Aging. It is a fact of life. Some grow old gracefully while others start to see time take its toll early on. The good news is that there are daily treatment protocols, which if done consistently, can help delay, reverse and repair the effects of aging. Sometimes it is not easy to incorporate a daily routine of multiple products, but in the end, it is worth it.
You did not get aging skin overnight and there is no overnight product that will reverse the signs of aging. It takes time to repair damage so be patient. There are certain key ingredients that have been scientifically proven to work... all you have to do is be diligent and give this treatment protocol time and it will work.
The first step in correcting aging skin is to cleanse morning and night with a alpha-hydroxy acid (AHA) or beta-hydroxy acid (BHA). Choosing a hydroxy acid will depend on your skin type. Glycolic acid and Lactic acid (AHA) are a wonderful choice for almost any skin type. Super sensitive skin's may not tolerate this well at first, so an introductory period of 1 day a week and increasing the number of days as the weeks go on is a great way to acclimate the skin. Salicylic acid (BHA) is great for oily, acneic, congested and even sensitive skin types. The reason these acids work well for aging is because they break down the cement that binds dead skin cell together, going around the cell to penetrate into the epidermal layer. Choose a cleanser that has a low pH. The lower the pH the better absorption you will have. When the skin is at a low pH, it acts like a sponge soaking and pulling ingredients in. This is imperative for the absorption of other products, like serums, after the cleanse.
Glycolic Acid: derived from sugar cane; helps to exfoliate dull skin cells, rejuvenates, balances the skin and encourages collagen production. See a difference in lines, wrinkles, hyperpigmentation and refined skin texture.
Lactic Acid: derived from milk; very hydrating, exfoliates, refines and clears skin and promotes the growth of new cells and collagen. See a difference in hydration, lines, wrinkles, hyperpigmentation and refined skin texture.
Salicylic Acid: derived from willow bark (the same ingredient aspirin is made of); exfoliates, anti-inflammatory, refines skin texture, kills bacteria. Great for treating acne and inflamed skin.

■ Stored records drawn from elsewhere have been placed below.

locale wp_semantics =
  fixes etaM :: "'m \<Rightarrow> 'tm" and etaO :: "'o::complete_lattice \<Rightarrow> 'to"
    and eMM :: "('m \<Rightarrow> 'tm) \<Rightarrow> 'tm \<Rightarrow> 'tm"
    and eMO :: "('m \<Rightarrow> 'to) \<Rightarrow> 'tm \<Rightarrow> 'to"
    and eOM :: "('o \<Rightarrow> 'tm) \<Rightarrow> 'to \<Rightarrow> 'tm"
    and eOO :: "('o \<Rightarrow> 'to) \<Rightarrow> 'to \<Rightarrow> 'to"
    and leM :: "'tm \<Rightarrow> 'tm \<Rightarrow> bool" and botM :: 'tm
    and leO :: "'to \<Rightarrow> 'to \<Rightarrow> bool" and botO :: 'to
    and alg :: "'to \<Rightarrow> 'o"
  assumes while_monad: "while_monad etaM etaO eMM eMO eOM eOO leM botM leO botO"
    and em_algebra: "em_algebra etaO eMO eOO alg"
    and meet_preserving: "meet_preserving etaO eMO eOO alg"
    and alg_lub: "\<forall>c s. omega_chain leO c \<longrightarrow> is_lub leO c s \<longrightarrow> alg s = (INF i. alg (c i))"
    and alg_bot: "alg botO = top"
begin

abbreviation "WP \<equiv> wp etaO eMO alg"
abbreviation "SP \<equiv> sp etaO eMO alg"

lemma omega_cpo_M: "omega_cpo leM botM"
  and kleisli_conds_MM: "kleisli_conds TYPE('m) leM botM leM botM eMM"
  and kleisli_conds_MO: "kleisli_conds TYPE('m) leM botM leO botO eMO"
  using while_monad unfolding while_monad_def by blast+

lemma wp_Inf: "WP f (Inf X) \<rho> = (INF \<phi>\<in>X. WP f \<phi> \<rho>)"
proof -
  have "alg \<circ> Tmap eMO etaO (Inf X) = Inf ((\<lambda>\<phi>. alg \<circ> Tmap eMO etaO \<phi>) ` X)"
    using meet_preserving unfolding meet_preserving_def by blast
  hence "alg (Tmap eMO etaO (Inf X) (f \<rho>)) = Inf ((\<lambda>\<phi>. alg \<circ> Tmap eMO etaO \<phi>) ` X) (f \<rho>)"
    by (metis comp_apply)
  thus ?thesis unfolding wp_def by (simp add: Inf_apply image_comp comp_def)
qed

lemma wp_mono: "\<phi> \<le> \<psi> \<Longrightarrow> WP f \<phi> \<le> WP f \<psi>"
proof (rule le_funI)
  fix \<rho> assume "\<phi> \<le> \<psi>"
  hence "WP f \<phi> \<rho> = WP f (Inf {\<phi>, \<psi>}) \<rho>" by (simp add: inf_absorb1)
  also have "\<dots> = inf (WP f \<phi> \<rho>) (WP f \<psi> \<rho>)" using wp_Inf[of f "{\<phi>, \<psi>}"] by simp
  finally show "WP f \<phi> \<rho> \<le> WP f \<psi> \<rho>" by (metis inf.cobounded2)
qed

lemma sp_le_iff: "SP f \<psi> \<le> \<phi> \<longleftrightarrow> \<psi> \<le> WP f \<phi>"
proof -
  define g where "g \<psi> = Inf {\<phi>. \<psi> \<le> WP f \<phi>}" for \<psi>
  have g_adj: "\<forall>\<psi> \<phi>. g \<psi> \<le> \<phi> \<longleftrightarrow> \<psi> \<le> WP f \<phi>"
  proof (intro allI iffI)
    fix \<psi> \<phi> assume "g \<psi> \<le> \<phi>"
    moreover have "\<psi> \<le> WP f (g \<psi>)"
      unfolding g_def by (rule le_funI) (auto simp: wp_Inf le_INF_iff le_fun_def)
    ultimately show "\<psi> \<le> WP f \<phi>" using wp_mono order_trans by blast
  next
    fix \<psi> \<phi> assume "\<psi> \<le> WP f \<phi>" thus "g \<psi> \<le> \<phi>" unfolding g_def by (auto intro: Inf_lower)
  qed
  have "SP f = g" unfolding sp_def
  proof (rule the_equality)
    fix h assume "\<forall>\<psi> \<phi>. h \<psi> \<le> \<phi> \<longleftrightarrow> \<psi> \<le> WP f \<phi>"
    with g_adj show "h = g" by (metis order_antisym order_refl ext)
  qed (rule g_adj)
  thus ?thesis using g_adj by simp
qed

lemma sp_mono: "mono (SP f)"
  by (rule monoI) (metis sp_le_iff order_refl order_trans)

lemma wp_kleisli: "WP (kleisli eMM g f) \<phi> = WP f (WP g \<phi>)"
proof
  fix \<rho>
  have "ext_assoc eMM eMO eMO" using while_monad unfolding while_monad_def by blast
  hence "eMO (etaO \<circ> \<phi>) (eMM g (f \<rho>)) = eMO (\<lambda>y. eMO (etaO \<circ> \<phi>) (g y)) (f \<rho>)"
    unfolding ext_assoc_def by blast
  moreover have "alg (eMO (\<lambda>y. eMO (etaO \<circ> \<phi>) (g y)) (f \<rho>)) =
      alg (Tmap eMO etaO (alg \<circ> (\<lambda>y. eMO (etaO \<circ> \<phi>) (g y))) (f \<rho>))"
    using em_algebra unfolding em_algebra_def by blast
  ultimately show "WP (kleisli eMM g f) \<phi> \<rho> = WP f (WP g \<phi>) \<rho>"
    unfolding wp_def kleisli_def Tmap_def by (simp add: comp_def)
qed

lemma wp_eta: "WP etaM \<phi> = \<phi>"
proof
  fix \<rho>
  have "unit_left etaM eMO" using while_monad unfolding while_monad_def by blast
  hence "eMO (etaO \<circ> \<phi>) (etaM \<rho>) = etaO (\<phi> \<rho>)" unfolding unit_left_def by simp
  thus "WP etaM \<phi> \<rho> = \<phi> \<rho>" using em_algebra unfolding wp_def Tmap_def em_algebra_def by simp
qed

lemma wp_bot: "WP (\<lambda>_. botM) \<phi> \<rho> = top"
proof -
  have "kleisli eMO g (\<lambda>_::'m. botM) = (\<lambda>_. botO)" for g
    using kleisli_conds_MO unfolding kleisli_conds_def by blast
  hence "eMO g botM = botO" for g unfolding kleisli_def by (metis comp_apply)
  thus ?thesis unfolding wp_def Tmap_def using alg_bot by simp
qed

lemma wp_lub:
  assumes "omega_chain (fun_le leM) fs" "is_lub (fun_le leM) fs F"
  shows "WP F \<phi> \<rho> = (INF i. WP (fs i) \<phi> \<rho>)"
proof -
  let ?k = "\<lambda>f. kleisli eMO (etaO \<circ> \<phi>) f"
  have "is_lub (fun_le leO) (\<lambda>i. ?k (fs i)) (?k F)"
    and "omega_chain (fun_le leO) (\<lambda>i. ?k (fs i))"
    using kleisli_conds_MO assms unfolding kleisli_conds_def omega_chain_def by blast+
  hence "is_lub leO (\<lambda>i. ?k (fs i) \<rho>) (?k F \<rho>)" and "omega_chain leO (\<lambda>i. ?k (fs i) \<rho>)"
    unfolding is_lub_fun_iff omega_chain_fun_iff by blast+
  hence "alg (?k F \<rho>) = (INF i. alg (?k (fs i) \<rho>))" using alg_lub by blast
  thus ?thesis unfolding wp_def Tmap_def kleisli_def by simp
qed

definition loop_step :: "('m \<Rightarrow> bool) \<Rightarrow> ('m \<Rightarrow> 'tm) \<Rightarrow> ('m \<Rightarrow> 'tm) \<Rightarrow> 'm \<Rightarrow> 'tm" where
  "loop_step c T f \<rho> = (if c \<rho> then kleisli eMM f T \<rho> else etaM \<rho>)"

lemma semT_While:
  "semT etaM eMM leM asgn cond (While b P) =
     least_fix (fun_le leM) (loop_step (cond b) (semT etaM eMM leM asgn cond P))"
  by (simp add: loop_step_def[abs_def])

lemma loop_step_mono: "fun_le leM f g \<Longrightarrow> fun_le leM (loop_step c T f) (loop_step c T g)"
  using kleisli_conds_MM omega_cpo_M
  unfolding kleisli_conds_def omega_cpo_def loop_step_def fun_le_def by auto

lemma loop_step_cont:
  assumes "omega_chain (fun_le leM) fs" "is_lub (fun_le leM) fs F"
  shows "is_lub (fun_le leM) (\<lambda>i. loop_step c T (fs i)) (loop_step c T F)"
proof -
  have "is_lub (fun_le leM) (\<lambda>i. kleisli eMM (fs i) T) (kleisli eMM F T)"
    using kleisli_conds_MM assms unfolding kleisli_conds_def by blast
  moreover have "leM (etaM \<rho>) (etaM \<rho>)" for \<rho>
    using omega_cpo_M unfolding omega_cpo_def by blast
  ultimately show ?thesis
    unfolding is_lub_fun_iff loop_step_def by (auto simp: is_lub_def)
qed

lemma loop_iterates_chain: "omega_chain (fun_le leM) (\<lambda>i. (loop_step c T ^^ i) (\<lambda>_. botM))"
  using kleene_chain[of "fun_le leM"] loop_step_mono omega_cpo_fun[OF omega_cpo_M]
  unfolding omega_cpo_def by blast

lemma least_fix_loop_step:
  "is_lub (fun_le leM) (\<lambda>i. (loop_step c T ^^ i) (\<lambda>_. botM))
     (least_fix (fun_le leM) (loop_step c T))"
proof -
  obtain F where lub: "is_lub (fun_le leM) (\<lambda>i. (loop_step c T ^^ i) (\<lambda>_. botM)) F"
    using omega_cpo_fun[OF omega_cpo_M] loop_iterates_chain unfolding omega_cpo_def by blast
  have "least_fix (fun_le leM) (loop_step c T) = F"
    using least_fix_kleene[OF omega_cpo_fun[OF omega_cpo_M] _ _ lub] loop_step_mono loop_step_cont
    by blast
  thus ?thesis using lub by simp
qed

lemma wp_loop_step: "WP (loop_step c T f) \<phi> \<rho> = (if c \<rho> then WP T (WP f \<phi>) \<rho> else \<phi> \<rho>)"
proof -
  have "WP (loop_step c T f) \<phi> \<rho> = (if c \<rho> then WP (kleisli eMM f T) \<phi> \<rho> else WP etaM \<phi> \<rho>)"
    by (simp add: loop_step_def wp_def)
  thus ?thesis by (simp add: wp_kleisli wp_eta)
qed

end

locale abstract_semantics =
  wp_semantics etaM etaO eMM eMO eOM eOO leM botM leO botO alg
  for etaM :: "'m \<Rightarrow> 'tm" and etaO :: "'o::complete_lattice \<Rightarrow> 'to"
    and eMM eMO eOM eOO leM botM leO botO alg +
  fixes \<alpha> :: "('m \<Rightarrow> 'o) \<Rightarrow> 'abs::complete_lattice" and \<gamma> :: "'abs \<Rightarrow> 'm \<Rightarrow> 'o"
  assumes galois: "\<forall>\<phi> a. \<alpha> \<phi> \<le> a \<longleftrightarrow> \<phi> \<le> \<gamma> a"
begin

The second day time step is incorporating a Vitamin C serum into your morning regimen. Vitamin C protects skin cells and skin's support structure from UV-related damage, strengthens the skin's barrier response, promotes collagen production, lessens hyperpigmentation and reduces inflammation. It is a very active ingredient so you may have to start slow, 2-3 times weekly, then build to using every day. You want to use a serum that has a low pH. The lower the pH of the skin/product, the better absorption you will receive. Make sure you use Vitamin C during the day to combat free radical damage.

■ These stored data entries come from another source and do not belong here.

lemma tagged_sum_integral_error:
  fixes h g :: "real \<Rightarrow> real"
  assumes x: "\<forall>i<n. x i < x (Suc i)" and j: "j \<le> n"
    and mesh: "\<forall>i<n. x (Suc i) - x i \<le> d"
    and h: "continuous_on {x 0..x j} h" and g: "continuous_on {x 0..x j} g"
    and H: "\<And>w. w \<in> {x 0..x j} \<Longrightarrow> \<bar>h w\<bar> \<le> H"
    and tag: "\<And>k. k < j \<Longrightarrow> x k \<le> y k \<and> y k \<le> x (Suc k)"
    and unif: "\<And>a b. a \<in> {x 0..x j} \<Longrightarrow> b \<in> {x 0..x j} \<Longrightarrow> \<bar>a - b\<bar> \<le> d \<Longrightarrow> \<bar>g a - g b\<bar> \<le> e"
  shows "\<bar>(\<Sum>k<j. integral {x k..x (Suc k)} h * g (y k)) - integral {x 0..x j} (\<lambda>w. h w * g w)\<bar>
          \<le> e * H * (x j - x 0)"
proof -
  have hg: "continuous_on {x 0..x j} (\<lambda>w. h w * g w)" using h g by (intro continuous_intros)
  have cell: "\<bar>integral {x k..x (Suc k)} h * g (y k) - integral {x k..x (Suc k)} (\<lambda>w. h w * g w)\<bar>
      \<le> e * H * (x (Suc k) - x k)" if k: "k < j" for k
  proof -
    have lt: "x k < x (Suc k)" using x k j by auto
    have sub: "{x k..x (Suc k)} \<subseteq> {x 0..x j}"
      using lift_Suc_mono_le_upto[OF x, of 0 k] lift_Suc_mono_le_upto[OF x, of "Suc k" j] k j by auto
    have hc: "continuous_on {x k..x (Suc k)} h" and gc: "continuous_on {x k..x (Suc k)} g"
      using continuous_on_subset[OF h sub] continuous_on_subset[OF g sub] .
    have "integral {x k..x (Suc k)} h * g (y k) - integral {x k..x (Suc k)} (\<lambda>w. h w * g w)
        = integral {x k..x (Suc k)} (\<lambda>w. h w * (g (y k) - g w))"
      using hc gc by (simp add: right_diff_distrib integral_diff integrable_continuous_interval
          continuous_intros mult_ac)
    also have "\<bar>\<dots>\<bar> \<le> (H * e) * (x (Suc k) - x k)"
    proof (rule integral_bound[where 'a = real, unfolded real_norm_def])
      show "continuous_on {x k..x (Suc k)} (\<lambda>w. h w * (g (y k) - g w))"
        using hc gc by (intro continuous_intros)
      fix w assume w: "w \<in> {x k..x (Suc k)}"
      have "x (Suc k) - x k \<le> d" using mesh k j by simp
      then have "\<bar>y k - w\<bar> \<le> d" using w tag[OF k] by auto
      then have "\<bar>g (y k) - g w\<bar> \<le> e" using unif sub w tag[OF k] by auto
      moreover have "\<bar>h w\<bar> \<le> H" using H sub w by auto
      ultimately show "\<bar>h w * (g (y k) - g w)\<bar> \<le> H * e"
        by (simp add: abs_mult mult_mono')
    qed (use lt in simp)
    finally show ?thesis by (simp add: mult_ac)
  qed
  have "integral {x 0..x j} (\<lambda>w. h w * g w) = (\<Sum>k<j. integral {x k..x (Suc k)} (\<lambda>w. h w * g w))"
    using integral_partition_split[OF x _ j hg] by (simp add: atLeast0LessThan)
  then have "\<bar>(\<Sum>k<j. integral {x k..x (Suc k)} h * g (y k)) - integral {x 0..x j} (\<lambda>w. h w * g w)\<bar>
      \<le> (\<Sum>k<j. \<bar>integral {x k..x (Suc k)} h * g (y k) - integral {x k..x (Suc k)} (\<lambda>w. h w * g w)\<bar>)"
    by (simp add: sum_subtractf[symmetric] sum_abs)
  also have "\<dots> \<le> (\<Sum>k<j. e * H * (x (Suc k) - x k))"
    by (rule sum_mono) (simp add: cell)
  also have "\<dots> = e * H * (x j - x 0)"
    by (simp add: sum_distrib_left[symmetric] sum_lessThan_telescope)
  finally show ?thesis .
qed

Your night regimen will be a retinol. Retinol is the purest form of Vitamin A and is one ingredient that can penetrate into the cell. Dermatologists and Aestheticians use Vitamin A for many conditions including anti-aging, anti-acne, hyperpigmentation and skin refinement. Retinol is a very potent ingredient and penetrates rapidly, sometimes leading to sensitivity and solar sensitivity. You should only use Vitamin A during the night time as it is photosensitive. Again, you should allow your skin some time to acclimate to the ingredient. Start by using 2-3 times weekly, then gradually increasing to every night. If you are pregnant or nursing it is suggested that you do not use vitamin A.

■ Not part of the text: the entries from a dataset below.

(* A general unit vector y is then approximated by some sgn y', and the perturbation lemma
   transfers the approximation from the orbit of sgn y' to the orbit of y. *)
lemma convex_transitive_from_dense:
  fixes U Y :: "'a::real_normed_vector set"
  assumes "subspace Y" and "closed Y" and dense: "Y \<subseteq> closure U"
    and H: "\<And>T. T \<in> H \<Longrightarrow> rotation T \<and> T ` Y \<subseteq> Y"
    and approx: "\<And>y z e. y \<in> U \<Longrightarrow> z \<in> U \<Longrightarrow> y \<noteq> 0 \<Longrightarrow> e > 0 \<Longrightarrow>
                   \<exists>w\<in>convex hull ((\<lambda>T. T (sgn y)) ` H). dist w (radial_retraction z) < e"
    and y: "y \<in> Y" "norm y = 1"
  shows "closure (convex hull ((\<lambda>T. T y) ` H)) = Y \<inter> cball 0 1"
proof
  show "closure (convex hull ((\<lambda>T. T y) ` H)) \<subseteq> Y \<inter> cball 0 1"
    using closure_convex_orbit_subset assms(1,2) y H by blast
  show "Y \<inter> cball 0 1 \<subseteq> closure (convex hull ((\<lambda>T. T y) ` H))"
  proof
    fix z assume z: "z \<in> Y \<inter> cball 0 1"
    show "z \<in> closure (convex hull ((\<lambda>T. T y) ` H))" unfolding closure_approachable
    proof (intro allI impI)
      fix e :: real assume "e > 0"
      define d where "d = min (e / 5) (1 / 2)"
      have d: "d > 0" "5 * d \<le> e" "d \<le> 1 / 2" using \<open>e > 0\<close> unfolding d_def by auto
      have "y \<in> closure U" using dense y(1) by blast
      then obtain y' where y': "y' \<in> U" "norm (y' - y) < d"
        using d(1) unfolding closure_approachable dist_norm by blast
      have "y' \<noteq> 0" using y'(2) y(2) d(3) by auto
      then have sy: "norm (sgn y' - y) < 2 * d" using sgn_approx[OF _ y(2), of y'] y'(2) by linarith
      have "z \<in> closure U" using dense z by blast
      then obtain z' where z': "z' \<in> U" "norm (z' - z) < d"
        using d(1) unfolding closure_approachable dist_norm by blast
      have rz: "norm (radial_retraction z' - z) < 2 * d"
        using radial_retraction_approx[of z z'] z z'(2) by simp
      obtain w where w: "w \<in> convex hull ((\<lambda>T. T (sgn y')) ` H)" "dist w (radial_retraction z') < d"
        using approx[OF y'(1) z'(1) \<open>y' \<noteq> 0\<close> d(1)] by blast
      have "norm (T (sgn y') - T y) \<le> norm (sgn y' - y)" if "T \<in> H" for T
        using H[OF that] rotation_isometric[of T "sgn y'" y] by simp
      then obtain a where a: "a \<in> convex hull ((\<lambda>T. T y) ` H)" "norm (w - a) \<le> norm (sgn y' - y)"
        using convex_hull_orbit_perturb[OF _ w(1)] by blast
      have "dist a z \<le> norm (w - a) + dist w (radial_retraction z') + norm (radial_retraction z' - z)"
        using dist_triangle[of a z w] dist_triangle[of w z "radial_retraction z'"]
        by (simp add: dist_norm norm_minus_commute)
      then have "dist a z < e" using a(2) sy w(2) rz d(2) by linarith
      then show "\<exists>a\<in>convex hull ((\<lambda>T. T y) ` H). dist a z < e" using a(1) by blast
    qed
  qed
qed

Using a hyaluronic acid serum would be great to incorporate into your regimen as well. Hyaluronic acid binds a 1,000 times its weight in water. It is a humectant, so it pulls moisture from the air and deposits it into the skin. Your body naturally produces hyaluronic acid, but as your skin ages, it depletes. Dehydration, lack of water (not lack of oil), causes a multitude of problems in the skin. You can be oily and still be dehydrated. In my years as an Aesthetician, about 90% of all of my clients are dehydrated. Water intake does help, but you have to apply hydration topically in order to see a true difference in lines and wrinkles.
Finally, using a great moisturizer and a SPF UVA/UVB "broad spectrum" protection is key. A moisturizer has a large molecule and is meant to sit on top of the skin to prevent water evaporation. I strongly suggest every skin type using a moisturizer, regardless if you are oily or acneic. If you lose moisture, your skin reacts by producing more oil. So, if you are oily/acneic/combination, it will help regulate your sebum production. SPF is the most important factor of all. If you do not wear SPF of at least 15 every day on your face/neck/décolleté, you might as well not do anything to your skin at all. Sun damage contributes to 90% or more of aging. Of course, if you are out in the sun for extended periods of time, you will need a higher SPF. Try to find a SPF that has a chemical and physical block in it. Examples of a physical block are titanium dioxide and zinc oxide. Also, make sure you use the sunscreen as directed and reapply as necessary. Try to find a SPF that is specific to your skin type.
As you can see, if you were not born with beautiful skin, you will have to work at getting it and keeping it. Your skin is the first defense against all the elements, the largest organ in the body and the first thing people see when they look at you. It will be with you for a lifetime... treat it right!